#### EXERCISE BRIEF
Once you find the line with "finally show ?thesis by (simp only: e_def" in the data that follows, repeat it and every line after it exactly, through the line with "2) \<Longrightarrow> c".

RECORDS TO PROCESS START

(* For all integers $m,n\ge1$, $$S_{m,n}(q)=\sum_{r=0}^{\lfloor m/2\rfloor}(-1)^r\left[\binom{m-1}{r}-\binom{m-1}{r-2}\right]\frac{(1-q^{(\frac{m+1}{2}-r)n})(1+(-1)^mq^{(\frac{m+1}{2}-r)(n+1)})q^{rn}}{(1-q^2)(1-q)^{m-1}(1-q^{\frac{m+1}{2}-r})}.$$
   Context: $q$ is an indeterminate and $q^{1/2}$ a fixed formal square root of $q$; identities are identities of rational functions in $q^{1/2}$. For integers $m,n\ge1$, $$S_{m,n}(q)=\sum_{k=1}^{n}\frac{1-q^{2k}}{1-q^2}\left(\frac{1-q^k}{1-q}\right)^{m-1}q^{\frac{m+1}{2}(n-k)}.$$ Binomial coefficients $\binom{a}{b}$ with integers $a,b$ are taken to be $0$ when $b<0$ or when $0\le a<b$. *)

theory Defs
  imports "HOL-Computational_Algebra.Polynomial" "HOL-Computational_Algebra.Fraction_Field"
begin

type_synonym ratfun = "rat poly fract"

text \<open>The formal square root q^(1/2) of q; q itself is qh^2.\<close>
definition qh :: ratfun where
  "qh = Fract [:0, 1:] 1"

text \<open>q^(e/2), for a natural number e.\<close>
definition qhalf :: "nat \<Rightarrow> ratfun" where
  "qhalf e = qh ^ e"

text \<open>Integer binomial coefficient with the convention: 0 if b < 0, 0 if 0 \<le> a < b.\<close>
definition ibinom :: "int \<Rightarrow> int \<Rightarrow> rat" where
  "ibinom a b = (if b < 0 then 0 else (of_int a) gchoose (nat b))"

definition S :: "nat \<Rightarrow> nat \<Rightarrow> ratfun" where
  "S m n = (\<Sum>k=1..n. ((1 - qhalf (4*k)) / (1 - qhalf 4)) *
              ((1 - qhalf (2*k)) / (1 - qhalf 2)) ^ (m - 1) *
              qhalf ((m + 1) * (n - k)))"

end

theory Submission
  imports Defs
begin

(* Write x = q^(1/2) and p = m - 1, so that with t = x^(2k) the k-th summand of S is
   (1 - t^2) (1 - t)^p x^((p+2)(n-k)) / ((1 - x^4) (1 - x^2)^p).  Expanding
   (1 - t^2) (1 - t)^p = \<Sum>_j c_j t^j with c_j = (-1)^j (C(p,j) - C(p,j-2)) and exchanging the
   sums writes S as \<Sum>_j c_j \<Sum>_k x^(2jk + (p+2)(n-k)).  The polynomial (1 - t^2) (1 - t)^p of
   degree p + 2 is self-reciprocal up to the sign (-1)^(p + 1), so c_(p+2-j) = (-1)^(p + 1) c_j and the
   middle coefficient vanishes.  Pairing j = r with j = p + 2 - r, the two inner sums become
   x^(2rn) times the geometric sums \<Sum>_k z^(n-k) and \<Sum>_k z^(n+k) in z = x^(p+2-2r), whose
   closed forms give the r-th term of the right-hand side. *)

definition binom_diff_coeff :: "nat \<Rightarrow> nat \<Rightarrow> int" where
  "binom_diff_coeff p j =
     (-1)^j * (int (p choose j) - (if j < 2 then 0 else int (p choose (j - 2))))"

lemma one_minus_power_expansion:
  fixes t :: "'a::comm_ring_1"
  shows "(1 - t)^p = (\<Sum>j\<le>p. (-1)^j * of_nat (p choose j) * t^j)"
  using binomial_ring[of "- t" 1 p] by (simp add: power_minus' mult_ac)

lemma one_minus_square_times_power_expansion:
  fixes t :: "'a::comm_ring_1"
  shows "(1 - t^2) * (1 - t)^p = (\<Sum>j\<le>p + 2. of_int (binom_diff_coeff p j) * t^j)"
proof -
  have low: "(1 - t)^p = (\<Sum>j\<le>p + 2. (-1)^j * of_nat (p choose j) * t^j)"
    by (simp add: one_minus_power_expansion binomial_eq_0)
  have high: "t^2 * (1 - t)^p =
      (\<Sum>j\<le>p + 2. (if j < 2 then 0 else (-1)^j * of_nat (p choose (j - 2))) * t^j)"
    by (simp add: one_minus_power_expansion sum.atMost_Suc_shift sum_distrib_left
        power2_eq_square mult_ac del: sum.atMost_Suc)
  have "(1 - t^2) * (1 - t)^p = (1 - t)^p - t^2 * (1 - t)^p"
    by (simp add: algebra_simps)
  also have "\<dots> = (\<Sum>j\<le>p + 2. of_int (binom_diff_coeff p j) * t^j)"
    unfolding high unfolding low sum_subtractf[symmetric]
    by (rule sum.cong) (simp_all add: binom_diff_coeff_def algebra_simps)
  finally show ?thesis .
qed

lemma binom_diff_coeff_reflect:
  assumes "j \<le> p + 2"
  shows "binom_diff_coeff p (p + 2 - j) = (-1)^(p + 1) * binom_diff_coeff p j"
proof -
  have "int (p choose (p + 2 - j)) = (if j < 2 then 0 else int (p choose (j - 2)))"
    using assms binomial_symmetric[of "j - 2" p] by (auto simp: numeral_2_eq_2 Suc_diff_le)
  moreover have "(if p + 2 - j < 2 then 0 else int (p choose (p + 2 - j - 2))) = int (p choose j)"
    using assms binomial_symmetric[of j p] by (auto simp: binomial_eq_0)
  moreover have "(-1::int)^(p + 2 - j) = (-1)^(p + 1) * (-1) * (-1)^j"
    using assms by (simp add: minus_one_power_iff)
  ultimately show ?thesis
    unfolding binom_diff_coeff_def by (simp add: algebra_simps)
qed

lemma binom_diff_coeff_middle:
  assumes "even p"
  shows "binom_diff_coeff p ((p + 2) div 2) = 0"
proof -
  have "p + 2 - (p + 2) div 2 = (p + 2) div 2" using assms by auto
  then have "binom_diff_coeff p ((p + 2) div 2) = - binom_diff_coeff p ((p + 2) div 2)"
    using binom_diff_coeff_reflect[of "(p + 2) div 2" p] assms by simp
  then show ?thesis by simp
qed

lemma sum_atLeast0_atMost_pairs:
  fixes f :: "nat \<Rightarrow> 'a::comm_monoid_add"
  assumes "N \<ge> 1" and "even N \<Longrightarrow> f (N div 2) = 0"
  shows "(\<Sum>j=0..N. f j) = (\<Sum>r=0..(N - 1) div 2. f r + f (N - r))"
proof -
  define A where "A = {0..(N - 1) div 2}"
  define B where "B = (\<lambda>r. N - r) ` A"
  have "inj_on (\<lambda>r. N - r) A" by (auto simp: A_def inj_on_def)
  then have sum_B: "sum f B = (\<Sum>r\<in>A. f (N - r))"
    unfolding B_def by (simp add: sum.reindex)
  have finite_A: "finite A" and finite_B: "finite B" by (simp_all add: A_def B_def)
  have disjoint: "A \<inter> B = {}" using assms(1) by (auto simp: A_def B_def)
  have rest: "sum f ({0..N} - (A \<union> B)) = 0"
  proof (rule sum.neutral, intro ballI)
    fix j assume j: "j \<in> {0..N} - (A \<union> B)"
    then have "j \<le> N" "j \<notin> A" by auto
    moreover have "N - j \<notin> A"
    proof
      assume "N - j \<in> A"
      then have "N - (N - j) \<in> B" unfolding B_def by (rule imageI)
      with j \<open>j \<le> N\<close> show False by simp
    qed
    moreover have "N - 1 \<le> 2 * ((N - 1) div 2) + 1" by linarith
    ultimately have "N = 2 * j" by (simp add: A_def)
    then have "even N" "j = N div 2" by simp_all
    then show "f j = 0" using assms(2) by simp
  qed
  have "A \<union> B \<subseteq> {0..N}" by (auto simp: A_def B_def)
  then have "sum f {0..N} = sum f ({0..N} - (A \<union> B)) + sum f (A \<union> B)"
    by (rule sum.subset_diff) simp
  also have "\<dots> = sum f A + sum f B"
    unfolding rest add_0_left by (rule sum.union_disjoint[OF finite_A finite_B disjoint])
  finally show ?thesis unfolding sum_B sum.distrib A_def .
qed

lemma geometric_sums_pair:
  fixes z s :: "'a::comm_ring_1"
  shows "(1 - z) * (\<Sum>k=1..n. z^(n - k) + s * z^(n + k)) = (1 - z^n) * (1 + s * z^(n + 1))"
proof -
  have down: "(1 - z) * (\<Sum>k=1..n. z^(n - k)) = 1 - z^n"
    by (simp add: sum.atLeast1_atMost_eq one_diff_power_eq')
  have up: "(1 - z) * (\<Sum>k=1..n. z^(n + k)) = z^(n + 1) * (1 - z^n)"
    by (simp add: sum.atLeast1_atMost_eq one_diff_power_eq sum_distrib_left power_add mult_ac)
  have "(1 - z) * (\<Sum>k=1..n. z^(n - k) + s * z^(n + k))
      = (1 - z) * (\<Sum>k=1..n. z^(n - k)) + s * ((1 - z) * (\<Sum>k=1..n. z^(n + k)))"
    by (simp add: sum.distrib distrib_left sum_distrib_left mult.left_commute)
  also have "\<dots> = (1 - z^n) * (1 + s * z^(n + 1))"
    unfolding down up by (simp add: algebra_simps)
  finally show ?thesis .
qed

definition mixed_power_sum :: "'a::comm_ring_1 \<Rightarrow> nat \<Rightarrow> nat \<Rightarrow> nat \<Rightarrow> 'a" where
  "mixed_power_sum x p n j = (\<Sum>k=1..n. (x^(2*k))^j * x^((p + 2) * (n - k)))"

lemma sum_eq_binom_diff_coeff_mixed_power_sums:
  fixes x :: "'a::comm_ring_1"
  shows "(\<Sum>k=1..n. (1 - (x^(2*k))^2) * (1 - x^(2*k))^p * x^((p + 2) * (n - k)))
    = (\<Sum>j=0..p + 2. of_int (binom_diff_coeff p j) * mixed_power_sum x p n j)"
  unfolding one_minus_square_times_power_expansion mixed_power_sum_def atMost_atLeast0
    sum_distrib_left sum_distrib_right
  by (subst sum.swap) (simp only: mult.assoc)

lemma mixed_power_sums_pair:
  fixes x s :: "'a::comm_ring_1"
  assumes "2 * r \<le> p + 2"
  shows "(1 - x^(p + 2 - 2*r)) * (mixed_power_sum x p n r + s * mixed_power_sum x p n (p + 2 - r))
    = x^(2*r*n) * ((1 - x^((p + 2 - 2*r) * n)) * (1 + s * x^((p + 2 - 2*r) * (n + 1))))"
proof -
  define e where "e = p + 2 - 2*r"
  have p2: "p + 2 = e + 2*r" and pr: "p + 2 - r = e + r" using assms by (simp_all add: e_def)
  have "(x^(2*k))^r * x^((e + 2*r) * (n - k)) + s * ((x^(2*k))^(e + r) * x^((e + 2*r) * (n - k)))
      = x^(2*r*n) * ((x^e)^(n - k) + s * (x^e)^(n + k))" if "k \<in> {1..n}" for k
  proof -
    from that have "k \<le> n" by simp
    then obtain d where n: "n = k + d" using le_Suc_ex by blast
    show ?thesis
      unfolding n by (simp add: algebra_simps flip: power_mult power_add)
  qed
  then have "mixed_power_sum x p n r + s * mixed_power_sum x p n (p + 2 - r)
      = x^(2*r*n) * (\<Sum>k=1..n. (x^e)^(n - k) + s * (x^e)^(n + k))"
    unfolding mixed_power_sum_def pr unfolding p2 sum_distrib_left sum.distrib[symmetric]
    by (rule sum.cong[OF refl])
  then have "(1 - x^e) * (mixed_power_sum x p n r + s * mixed_power_sum x p n (p + 2 - r))
      = x^(2*r*n) * ((1 - x^e) * (\<Sum>k=1..n. (x^e)^(n - k) + s * (x^e)^(n + k)))"
    by (simp only: mult.left_commute)
  also have "\<dots> = x^(2*r*n) * ((1 - (x^e)^n) * (1 + s * (x^e)^(n + 1)))"
    by (simp only: geometric_sums_pair)
  finally show ?thesis by (simp only: e_def power_mult)
qed

lemma weighted_power_sum_closed_form:
  fixes x :: "'a::field"
  assumes nonzero: "\<And>r. r \<le> (p + 1) div 2 \<Longrightarrow> 1 - x^(p + 2 - 2*r) \<noteq> 0"
  shows "(\<Sum>k=1..n. (1 - (x^(2*k))^2) * (1 - x^(2*k))^p * x^((p + 2) * (n - k)))
    = (\<Sum>r=0..(p + 1) div 2. of_int (binom_diff_coeff p r) *
         (x^(2*r*n) * ((1 - x^((p + 2 - 2*r) * n)) * (1 + (-1)^(p + 1) * x^((p + 2 - 2*r) * (n + 1)))))
         / (1 - x^(p + 2 - 2*r)))"
proof -
  define c where "c j = (of_int (binom_diff_coeff p j) :: 'a)" for j
  define T where "T = mixed_power_sum x p n"
  have "(\<Sum>k=1..n. (1 - (x^(2*k))^2) * (1 - x^(2*k))^p * x^((p + 2) * (n - k)))
      = (\<Sum>r=0..(p + 1) div 2. c r * T r + c (p + 2 - r) * T (p + 2 - r))"
  proof -
    have "binom_diff_coeff p ((p + 2) div 2) = 0" if "even (p + 2)"
      using that by (intro binom_diff_coeff_middle) simp
    then have "even (p + 2) \<Longrightarrow> c ((p + 2) div 2) * T ((p + 2) div 2) = 0"
      by (simp only: c_def of_int_0 mult_zero_left)
    from sum_atLeast0_atMost_pairs[of "p + 2" "\<lambda>j. c j * T j", OF _ this] show ?thesis
      unfolding sum_eq_binom_diff_coeff_mixed_power_sums c_def T_def by simp
  qed
  also have "\<dots> = (\<Sum>r=0..(p + 1) div 2. c r *
         (x^(2*r*n) * ((1 - x^((p + 2 - 2*r) * n)) * (1 + (-1)^(p + 1) * x^((p + 2 - 2*r) * (n + 1)))))
         / (1 - x^(p + 2 - 2*r)))"
  proof (rule sum.cong [OF refl])
    fix r assume "r \<in> {0..(p + 1) div 2}"
    then have r: "r \<le> (p + 1) div 2" by simp
    have "c (p + 2 - r) = (-1)^(p + 1) * c r"
      using r binom_diff_coeff_reflect[of r p] by (simp add: c_def)
    then have "c r * T r + c (p + 2 - r) * T (p + 2 - r) = c r * (T r + (-1)^(p + 1) * T (p + 2 - r))"
      by (simp only: algebra_simps)
    with mixed_power_sums_pair[of r p x n "(-1)^(p + 1)"] nonzero[OF r] r
    show "c r * T r + c (p + 2 - r) * T (p + 2 - r) = c r *
         (x^(2*r*n) * ((1 - x^((p + 2 - 2*r) * n)) * (1 + (-1)^(p + 1) * x^((p + 2 - 2*r) * (n + 1)))))
         / (1 - x^(p + 2 - 2*r))"
      by (simp add: T_def eq_divide_eq mult.commute)
  qed
  finally show ?thesis by (simp add: c_def)
qed

(* No hypothesis on 1 - x^2 or 1 - x^4 is needed: both sides are divided by them in the same
   way, so the identity survives x / 0 = 0. *)
lemma quotient_power_sum_closed_form:
  fixes x :: "'a::field"
  assumes "\<And>r. r \<le> (p + 1) div 2 \<Longrightarrow> 1 - x^(p + 2 - 2*r) \<noteq> 0"
  shows "(\<Sum>k=1..n. (1 - x^(4*k)) / (1 - x^4) * ((1 - x^(2*k)) / (1 - x^2))^p * x^((p + 2) * (n - k)))
    = (\<Sum>r=0..(p + 1) div 2. of_int (binom_diff_coeff p r) *
         ((1 - x^((p + 2 - 2*r) * n)) * (1 + (-1)^(p + 1) * x^((p + 2 - 2*r) * (n + 1))) * x^(2*r*n))
         / ((1 - x^4) * (1 - x^2)^p * (1 - x^(p + 2 - 2*r))))"
proof -
  define D where "D = (1 - x^4) * (1 - x^2)^p"
  have "(1 - x^(4*k)) / (1 - x^4) * ((1 - x^(2*k)) / (1 - x^2))^p * x^((p + 2) * (n - k))
      = (1 - (x^(2*k))^2) * (1 - x^(2*k))^p * x^((p + 2) * (n - k)) / D" for k
    by (simp add: D_def power_divide flip: power_mult)
  then have "(\<Sum>k=1..n. (1 - x^(4*k)) / (1 - x^4) * ((1 - x^(2*k)) / (1 - x^2))^p * x^((p + 2) * (n - k)))
      = (\<Sum>k=1..n. (1 - (x^(2*k))^2) * (1 - x^(2*k))^p * x^((p + 2) * (n - k))) / D"
    by (simp only: sum_divide_distrib)
  also have "\<dots> = (\<Sum>r=0..(p + 1) div 2. of_int (binom_diff_coeff p r) *
         (x^(2*r*n) * ((1 - x^((p + 2 - 2*r) * n)) * (1 + (-1)^(p + 1) * x^((p + 2 - 2*r) * (n + 1)))))
         / (1 - x^(p + 2 - 2*r))) / D"
    by (simp only: weighted_power_sum_closed_form[OF assms])
  finally show ?thesis
    unfolding sum_divide_distrib D_def by (simp add: mult_ac)
qed

lemma Fract_of_int: "Fract (of_int k) 1 = (of_int k :: 'a::idom fract)"
proof (cases k rule: int_diff_cases)
  case (diff a b)
  have "Fract (of_nat a - of_nat b) 1 = Fract (of_nat a) 1 - Fract (of_nat b) (1::'a)" by simp
  then show ?thesis by (simp add: diff Fract_of_nat_eq)
qed

lemma qh_power: "qh ^ e = Fract (monom 1 e) 1"
  by (induction e) (simp_all add: qh_def One_fract_def monom_Suc)

lemma one_minus_qh_power_nonzero:
  assumes "e \<ge> 1"
  shows "1 - qh ^ e \<noteq> 0"
proof -
  have "monom 1 e \<noteq> (1::rat poly)" using assms by (simp add: monom_eq_1_iff)
  then show ?thesis by (simp add: qh_power One_fract_def Zero_fract_def eq_fract)
qed

lemma signed_ibinom_diff_eq_binom_diff_coeff:
  "(-1)^r * Fract [: ibinom (int p) (int r) - ibinom (int p) (int r - 2) :] 1
     = (of_int (binom_diff_coeff p r) :: ratfun)"
proof -
  define k where "k = int (p choose r) - (if r < 2 then 0 else int (p choose (r - 2)))"
  have "ibinom (int p) (int r) - ibinom (int p) (int r - 2) = of_int k"
    by (simp add: k_def ibinom_def binomial_gbinomial nat_diff_distrib)
  then have "Fract [: ibinom (int p) (int r) - ibinom (int p) (int r - 2) :] 1 = (of_int k :: ratfun)"
    by (simp only: of_int_poly[symmetric] Fract_of_int)
  then show ?thesis
    unfolding binom_diff_coeff_def k_def[symmetric] by simp
qed

theorem lemma2p1:
  fixes m n :: nat
  assumes "m \<ge> 1" and "n \<ge> 1"
  shows "S m n =
    (\<Sum>r=0..m div 2. (-1) ^ r *
       Fract [: ibinom (int m - 1) (int r) - ibinom (int m - 1) (int r - 2) :] 1 *
       ((1 - qhalf ((m + 1 - 2*r) * n)) *
        (1 + (-1) ^ m * qhalf ((m + 1 - 2*r) * (n + 1))) *
        qhalf (2 * r * n)) /
       ((1 - qhalf 4) * (1 - qhalf 2) ^ (m - 1) * (1 - qhalf (m + 1 - 2*r))))"
proof -
  obtain p where m: "m = p + 1" using assms(1) by (metis le_add_diff_inverse2)
  have shift: "m + 1 = p + 2" "m - 1 = p" "m div 2 = (p + 1) div 2" "int m - 1 = int p"
      "(-1::ratfun)^m = (-1)^(p + 1)"
    by (simp_all add: m)
  show ?thesis
    unfolding S_def qhalf_def shift signed_ibinom_diff_eq_binom_diff_coeff
    by (rule quotient_power_sum_closed_form, rule one_minus_qh_power_nonzero) simp
qed

end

RECORDS TO PROCESS END

#### RESPONSE TO THIS EXERCISE
  finally show ?thesis by (simp only: e_def power_mult)
qed

lemma weighted_power_sum_closed_form:
  fixes x :: "'a::field"
  assumes nonzero: "\<And>r. r \<le> (p + 1) div 2 \<Longrightarrow> 1 - x^(p + 2 - 2*r) \<noteq> 0"
  shows "(\<Sum>k=1..n. (1 - (x^(2*k))^2) * (1 - x^(2*k))^p * x^((p + 2) * (n - k)))
    = (\<Sum>r=0..(p + 1) div 2. of_int (binom_diff_coeff p r) *
         (x^(2*r*n) * ((1 - x^((p + 2 - 2*r) * n)) * (1 + (-1)^(p + 1) * x^((p + 2 - 2*r) * (n + 1)))))
         / (1 - x^(p + 2 - 2*r)))"
proof -
  define c where "c j = (of_int (binom_diff_coeff p j) :: 'a)" for j
  define T where "T = mixed_power_sum x p n"
  have "(\<Sum>k=1..n. (1 - (x^(2*k))^2) * (1 - x^(2*k))^p * x^((p + 2) * (n - k)))
      = (\<Sum>r=0..(p + 1) div 2. c r * T r + c (p + 2 - r) * T (p + 2 - r))"
  proof -
    have "binom_diff_coeff p ((p + 2) div 2) = 0" if "even (p + 2)"
      using that by (intro binom_diff_coeff_middle) simp
    then have "even (p + 2) \<Longrightarrow> c ((p + 2) div 2) * T ((p + 2) div 2) = 0"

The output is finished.